Filings before 2010 are plain text, with SGML document wrappers, form-feed page breaks, and runs of hyphens or equals signs as horizontal rules. Structure is implicit: you infer a table from the visual alignment of whitespace-padded columns. No semantic markup anywhere.
Between roughly 2010 and 2021, filings moved to plain HTML. Table structure is explicit, but there’s no semantic layer. Row labels say “Revenues” or “Net income” but nothing machine-readable links those labels to GAAP concept definitions. Column headers are typically bare years. Inline styles encode visual formatting that sometimes, but not reliably, correlates with semantic meaning: bold often means “total”, but not always.

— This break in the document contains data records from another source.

lemma reachF_append:
  "reachF \<delta> F p (u @ v) q \<longleftrightarrow>
     (\<exists>m. reachF \<delta> F p u m \<and> reach \<delta> m v q \<or> reach \<delta> p u m \<and> reachF \<delta> F m v q)"
proof
  assume "reachF \<delta> F p (u @ v) q"
  then obtain f x y where f: "f \<in> F" "u @ v = x @ y" "reach \<delta> p x f" "reach \<delta> f y q"
    unfolding reachF_def by blast
  then obtain z where "u = x @ z \<and> z @ v = y \<or> u @ z = x \<and> v = z @ y"
    by (meson append_eq_append_conv2)
  then show "\<exists>m. reachF \<delta> F p u m \<and> reach \<delta> m v q \<or> reach \<delta> p u m \<and> reachF \<delta> F m v q"
  proof
    assume "u = x @ z \<and> z @ v = y"
    moreover obtain m where "reach \<delta> f z m" "reach \<delta> m v q"
      using f(4) calculation reach_append by metis
    ultimately show ?thesis using f unfolding reachF_def by blast
  next
    assume "u @ z = x \<and> v = z @ y"
    moreover obtain m where "reach \<delta> p u m" "reach \<delta> m z f"
      using f(3) calculation reach_append by metis
    ultimately show ?thesis using f unfolding reachF_def by blast
  qed
next
  assume "\<exists>m. reachF \<delta> F p u m \<and> reach \<delta> m v q \<or> reach \<delta> p u m \<and> reachF \<delta> F m v q"
  then obtain m where "reachF \<delta> F p u m \<and> reach \<delta> m v q \<or> reach \<delta> p u m \<and> reachF \<delta> F m v q"
    by blast
  then show "reachF \<delta> F p (u @ v) q"
  proof
    assume "reachF \<delta> F p u m \<and> reach \<delta> m v q"
    then obtain f x y where "f \<in> F" "u = x @ y" "reach \<delta> p x f" "reach \<delta> f y m" "reach \<delta> m v q"
      unfolding reachF_def by blast
    then show ?thesis unfolding reachF_def by (metis append.assoc reach_append)
  next
    assume "reach \<delta> p u m \<and> reachF \<delta> F m v q"
    then obtain f x y where "f \<in> F" "v = x @ y" "reach \<delta> p u m" "reach \<delta> m x f" "reach \<delta> f y q"
      unfolding reachF_def by blast
    then show ?thesis unfolding reachF_def by (metis append.assoc reach_append)
  qed
qed

lemma aequiv_append: "aequiv \<delta> F u u' \<Longrightarrow> aequiv \<delta> F v v' \<Longrightarrow> aequiv \<delta> F (u @ v) (u' @ v')"
  by (simp add: aequiv_def reach_append reachF_append)

lemma cls_self [simp]: "w \<in> cls \<delta> F w"
  by (simp add: cls_def aequiv_def)

lemma cls_Nil: "cls \<delta> F [] = {[]}"
  by (simp add: cls_def)

lemma cls_in_classes [simp]: "cls \<delta> F w \<in> classes \<delta> F"
  by (simp add: classes_def)

lemma cls_eq_iff: "cls \<delta> F u = cls \<delta> F v \<longleftrightarrow> (u = []) = (v = []) \<and> aequiv \<delta> F u v"
proof
  assume eq: "cls \<delta> F u = cls \<delta> F v"
  show "(u = []) = (v = []) \<and> aequiv \<delta> F u v"
  proof (cases "u = []")
    case True
    then show ?thesis using eq cls_self[of v \<delta> F] by (auto simp: cls_def aequiv_def)
  next
    case False
    then show ?thesis using eq cls_self[of u \<delta> F] by (auto simp: cls_def aequiv_def split: if_splits)
  qed
next
  assume "(u = []) = (v = []) \<and> aequiv \<delta> F u v"
  then show "cls \<delta> F u = cls \<delta> F v"
    by (auto simp: cls_def aequiv_def)
qed

lemma classes_eq_cls: "C \<in> classes \<delta> F \<Longrightarrow> c \<in> C \<Longrightarrow> cls \<delta> F c = C"
  by (auto simp: classes_def cls_def aequiv_def split: if_splits)

lemma cls_append_cong:
  "cls \<delta> F u = cls \<delta> F u' \<Longrightarrow> cls \<delta> F v = cls \<delta> F v' \<Longrightarrow> cls \<delta> F (u @ v) = cls \<delta> F (u' @ v')"
  by (simp add: cls_eq_iff aequiv_append)
(*
  Write z = x + i y with x^2 + y^2 = r^2; since phi_nc commutes with conjugation we may take y >= 0.
  The upper bound follows from |1 + z| <= 1 + r and |cos z| >= Re (cos z) = cos x cosh y >= cos r.
  For the lower bound, Re (phi_nc z) = N / D with N = (1 + x) cos x cosh y - y sin x sinh y and
  D = cos^2 x + sinh^2 y.  Elementary Taylor bounds for cos, sin, cosh and sinh bound N from below
  and D from above by polynomials in x, u = y^2 = r^2 - x^2 and p = cos r, and the resulting
  polynomial form of cos r * N - (1 - r) * D factors as (r + x) times a quadratic in x, the
  lower_defect.  Its nonnegativity on [-r, 0] and on [0, r] follows from its values at the
  endpoints and a midpoint condition; these are polynomial inequalities in r and p that are
  monotone in p on [1 - r^2/2, cos r], and at p = 1 - r^2/2 they become polynomials in r whose
  Bernstein coefficients on [0, 1] are nonnegative.
*)

lemma cos_ge_one_minus_square_half: "1 - t\<^sup>2 / 2 \<le> cos (t::real)"
proof -
  have "\<bar>sin (t / 2)\<bar> \<le> \<bar>t / 2\<bar>" by (rule abs_sin_x_le_abs_x)
  then have "(sin (t / 2))\<^sup>2 \<le> (t / 2)\<^sup>2" by (metis power2_abs abs_ge_zero power_mono)
  moreover have "cos t = 1 - 2 * (sin (t / 2))\<^sup>2" using cos_double_sin[of "t / 2"] by simp
  ultimately show ?thesis by (simp add: power_divide)
qed

lemma cosh_ge_one_plus_square_half: "1 + y\<^sup>2 / 2 \<le> cosh (y::real)"
proof -
  have "\<bar>y / 2\<bar> \<le> \<bar>sinh (y / 2)\<bar>"
    using real_le_abs_sinh[of "y / 2"] by (simp add: sinh_field_def exp_minus)
  then have "(y / 2)\<^sup>2 \<le> (sinh (y / 2))\<^sup>2" by (metis power2_abs abs_ge_zero power_mono)
  moreover have "cosh y = 1 + 2 * (sinh (y / 2))\<^sup>2"
    using cosh_double[of "y / 2"] by (simp add: cosh_square_eq)
  ultimately show ?thesis by (simp add: power_divide)
qed

lemma sinh_ge_self: "0 \<le> y \<Longrightarrow> y \<le> sinh (y::real)"
  using real_le_x_sinh by (simp add: sinh_field_def exp_minus)

lemma sinh_le_add_square_half:
  fixes y :: real
  assumes "0 \<le> y" "y \<le> 1"
  shows "sinh y \<le> y + y\<^sup>2 / 2"
  using exp_bound[OF assms] exp_ge_add_one_self[of "- y"] by (simp add: sinh_field_def)

lemma sin_ge_cubic_Taylor:
  fixes t :: real
  assumes "0 \<le> t"
  shows "t - t ^ 3 / 6 \<le> sin t"
proof -
  have "sin 0 - 0 + 0 ^ 3 / 6 \<le> sin t - t + t ^ 3 / 6"
  proof (rule DERIV_nonneg_imp_nondecreasing[OF assms])
    fix s
    show "\<exists>d. ((\<lambda>t. sin t - t + t ^ 3 / 6) has_real_derivative d) (at s) \<and> 0 \<le> d"
      using cos_ge_one_minus_square_half[of s]
      by (intro exI[of _ "cos s - 1 + s\<^sup>2 / 2"] conjI)
         (auto intro!: derivative_eq_intros simp: power2_eq_square)
  qed
  then show ?thesis by simp
qed

lemma sin_ge_five_sixths:
  fixes t :: real
  assumes "0 \<le> t" "t \<le> 1"
  shows "5/6 * t \<le> sin t"
proof -
  have "t * t\<^sup>2 \<le> t * 1" using assms by (intro mult_left_mono) (auto simp: power_le_one)
  then show ?thesis
    using sin_ge_cubic_Taylor[OF assms(1)] by (simp add: power3_eq_cube power2_eq_square)
qed

lemma cos_ge_cos_add_square_diff:
  fixes x r :: real
  assumes "\<bar>x\<bar> \<le> r" "r \<le> 1"
  shows "cos r + 25/72 * (r\<^sup>2 - x\<^sup>2) \<le> cos x"
proof -
  define v w where "v = (x + r) / 2" and "w = (r - x) / 2"
  have v: "0 \<le> v" "v \<le> 1" and w: "0 \<le> w" "w \<le> 1" using assms by (auto simp: v_def w_def)
  have "5/6 * v * (5/6 * w) \<le> sin v * sin w"
    using sin_ge_five_sixths[OF v] sin_ge_five_sixths[OF w] v w by (intro mult_mono) auto
  moreover have "cos x - cos r = 2 * sin v * sin w"
    using cos_diff_cos[of x r] by (simp add: v_def w_def)
  moreover have "r\<^sup>2 - x\<^sup>2 = 4 * v * w" unfolding v_def w_def by algebra
  ultimately show ?thesis by simp
qed

lemma cos_square_diff_le:
  fixes x r :: real
  assumes "\<bar>x\<bar> \<le> r" "r \<le> pi / 2"
  shows "(cos x)\<^sup>2 - (cos r)\<^sup>2 \<le> r\<^sup>2 - x\<^sup>2"
proof -
  have "(cos x)\<^sup>2 - (cos r)\<^sup>2 = (sin r * cos x)\<^sup>2 - (cos r * sin x)\<^sup>2"
    by (simp add: sin_squared_eq algebra_simps)
  also have "\<dots> = sin (r + x) * sin (r - x)"
    by (simp add: sin_add sin_diff algebra_simps power2_eq_square)
  also have "\<dots> \<le> (r + x) * (r - x)"
    using assms sin_x_le_x[of "r + x"] sin_x_le_x[of "r - x"] sin_ge_zero[of "r - x"]
    by (intro mult_mono) auto
  also have "\<dots> = r\<^sup>2 - x\<^sup>2" by (simp add: power2_eq_square algebra_simps)
  finally show ?thesis .
qed

lemma cos_mult_cosh_ge:
  fixes x y r :: real
  assumes "x\<^sup>2 + y\<^sup>2 = r\<^sup>2" "\<bar>x\<bar> \<le> r" "r \<le> 1"
  shows "cos r * (1 + y\<^sup>2 / 2) + 25/72 * y\<^sup>2 \<le> cos x * cosh y"
proof -
  have "0 \<le> cos r" using assms pi_gt3 by (intro cos_ge_zero) auto
  have "y\<^sup>2 = r\<^sup>2 - x\<^sup>2" using assms(1) by simp
  then have "cos r + 25/72 * y\<^sup>2 \<le> cos x"
    using cos_ge_cos_add_square_diff[OF assms(2,3)] by simp
  moreover have "0 \<le> cos r + 25/72 * y\<^sup>2" using \<open>0 \<le> cos r\<close> by simp
  ultimately have "(cos r + 25/72 * y\<^sup>2) * (1 + y\<^sup>2 / 2) \<le> cos x * cosh y"
    using cosh_ge_one_plus_square_half[of y] by (intro mult_mono) auto
  moreover have "cos r * (1 + y\<^sup>2 / 2) + 25/72 * y\<^sup>2 \<le> (cos r + 25/72 * y\<^sup>2) * (1 + y\<^sup>2 / 2)"
    by (simp add: algebra_simps)
  ultimately show ?thesis by linarith
qed

lemma sin_mult_sinh_le_of_nonpos:
  fixes x y :: real
  assumes "- 1 \<le> x" "x \<le> 0" "0 \<le> y"
  shows "y * sin x * sinh y \<le> 5/6 * x * y\<^sup>2"
proof -
  have "5/6 * (- x) * (y * y) \<le> sin (- x) * (y * sinh y)"
    using assms sin_ge_five_sixths[of "- x"] sinh_ge_self[of y]
    by (intro mult_mono mult_left_mono) auto
  then show ?thesis by (simp add: power2_eq_square algebra_simps)
qed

Starting with large filers in 2019 and all filers by 2021, the SEC mandated inline
XBRL embedded in HTML (iXBRL). Every material financial figure in the filing is
wrapped in an <ix:nonFraction> or <ix:nonNumeric> element that carries the
GAAP concept name (e.g. us-gaap:Revenues), a contextRef pointing to the
reporting period, a unitRef, a decimals precision indicator, and a scale
multiplier. The document still renders in a browser, but it also carries a
structured data layer that’s unambiguous about what every number means.
v1.0 of sec-cli targets the iXBRL era only. The modern corpus, any filing from a
large or mid-cap company since 2021, is entirely iXBRL. Supporting earlier formats
would require a completely different extraction path with a fundamentally lower
accuracy ceiling, and mixing both paths in v1.0 would smear the accuracy story.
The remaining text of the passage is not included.